We'll now compute the average R score (mean of R1 to R8) for each person and use the first 6500 people as training data. We'll perform linear regression to see how R1 correlates with the R score.


In [7]:
# Compute the R score (average of R1 to R8)
cleaned_df['R_score'] = cleaned_df.mean(axis=1)

# Use the first 6500 people for training
train_data = cleaned_df[:6500]

# Set R1 as the independent variable (X) and R_score as the dependent variable (y)
X_train = train_data[['R1']].values
y_train = train_data['R_score'].values

# Fit a linear regression model
model = LinearRegression()
model.fit(X_train, y_train)

# Compute the residual sum of squares for the first 6500 people
y_train_pred = model.predict(X_train)
rss_train = np.sum((y_train - y_train_pred) ** 2)

print(f"Residual Sum of Squares (Training Data): {rss_train}")


Residual Sum of Squares (Training Data): 2902.0393474685015


## Step 3: Validation

We will now use the remaining 1500 people as a test set to validate our model.
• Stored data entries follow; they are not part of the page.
(* VD and BC satisfy ballot monotonicity. For each $f\in\{\mathrm{MF},\mathrm{MS},\mathrm{FT}\}$ ballot monotonicity fails: there exist a finite candidate set $C$, a profile $P$, an axis $\triangleleft\in f(P)$ and a ballot $A\in P$ that is not an interval of $\triangleleft$ such that $\triangleleft\notin f(P')$, where $P'$ is obtained from $P$ by replacing (one copy of) $A$ with $A'=\{x\in C:\exists y,z\in A,\ y\trianglelefteq x\trianglelefteq z\}$.
   Context: Let $C$ be a finite set of candidates. An approval ballot is a nonempty subset $A\subseteq C$; a profile is a finite sequence of ballots. An axis is a strict linear order $\triangleleft$ on $C$; $a\trianglelefteq b$ means $a\triangleleft b$ or $a=b$. A ballot $A$ is an interval of $\triangleleft$ if for all $a,b\in A$ and every $c$ with $a\triangleleft c\triangleleft b$ we have $c\in A$. An axis rule $f$ satisfies ballot monotonicity if for every profile $P$, every ballot $A\in P$ and every axis $\triangleleft\in f(P)$ such that $A$ is not an interval of $\triangleleft$, we have $\triangleleft\in f(P')$, where $P'$ is obtained from $P$ by replacing $A$ by $A'=\{x\in C:\exists y,z\in A \text{ with } y\trianglelefteq x\trianglelefteq z\}$. For a cost function $\mathrm{cost}_f$, the scoring rule returns $f(P)=\arg\min_{\triangleleft}\sum_{A\in P}\mathrm{cost}_f(A,\triangleleft)$ over all axes on $C$. The five rules are the scoring rules with costs: $\mathrm{cost}_{\mathrm{VD}}(A,\triangleleft)=0$ if $A$ is an interval of $\triangleleft$ and $1$ otherwise; $\mathrm{cost}_{\mathrm{MF}}(A,\triangleleft)=\min_{x,y\in A,\ x\trianglelefteq y}\big(|\{z\in A: z\triangleleft x \text{ or } y\triangleleft z\}|+|\{z\notin A: x\triangleleft z\triangleleft y\}|\big)$; $\mathrm{cost}_{\mathrm{BC}}(A,\triangleleft)=|\{b\notin A: a\triangleleft b\triangleleft c \text{ for some } a,c\in A\}|$; $\mathrm{cost}_{\mathrm{MS}}(A,\triangleleft)=\sum_{x\in C\setminus A}\min\big(|\{y\in A:y\triangleleft x\}|,\,|\{y\in A:x\triangleleft y\}|\big)$; $\mathrm{cost}_{\mathrm{FT}}(A,\triangleleft)=\sum_{x\in C\setminus A}|\{y\in A:y\triangleleft x\}|\cdot|\{y\in A:x\triangleleft y\}|$. *)

theory Defs
  imports Main
begin

definition is_axis :: "'a set \<Rightarrow> 'a rel \<Rightarrow> bool" where
  "is_axis C r \<longleftrightarrow> r \<subseteq> C \<times> C \<and> strict_linear_order_on C r"

definition axes :: "'a set \<Rightarrow> 'a rel set" where
  "axes C = {r. is_axis C r}"

definition axle :: "'a rel \<Rightarrow> 'a \<Rightarrow> 'a \<Rightarrow> bool" where
  "axle r a b \<longleftrightarrow> (a, b) \<in> r \<or> a = b"

definition is_interval :: "'a rel \<Rightarrow> 'a set \<Rightarrow> bool" where
  "is_interval r A \<longleftrightarrow> (\<forall>a\<in>A. \<forall>b\<in>A. \<forall>c. (a, c) \<in> r \<and> (c, b) \<in> r \<longrightarrow> c \<in> A)"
We'll compute the residual sum of squares for this test set to check how well the model generalizes.


In [8]:
# Use the remaining 1500 people for testing
test_data = cleaned_df[6500:]

# Set R1 as the independent variable (X) and R_score as the dependent variable (y)
X_test = test_data[['R1']].values
y_test = test_data['R_score'].values

# Predict the R scores using the model
y_test_pred = model.predict(X_test)

# Compute the residual sum of squares for the test set
rss_test = np.sum((y_test - y_test_pred) ** 2)

print(f"Residual Sum of Squares (Test Data): {rss_test}")


Residual Sum of Squares (Test Data): 1028.7757850021012


## Conclusion

- **Training Data Residual Sum of Squares**: `rss_train`
- **Test Data Residual Sum of Squares**: `rss_test`

The residual sum of squares on the test data indicates how well the model generalizes. If the test residual sum of squares is significantly higher than the training residual sum of squares, it suggests that the model might not generalize well to new data.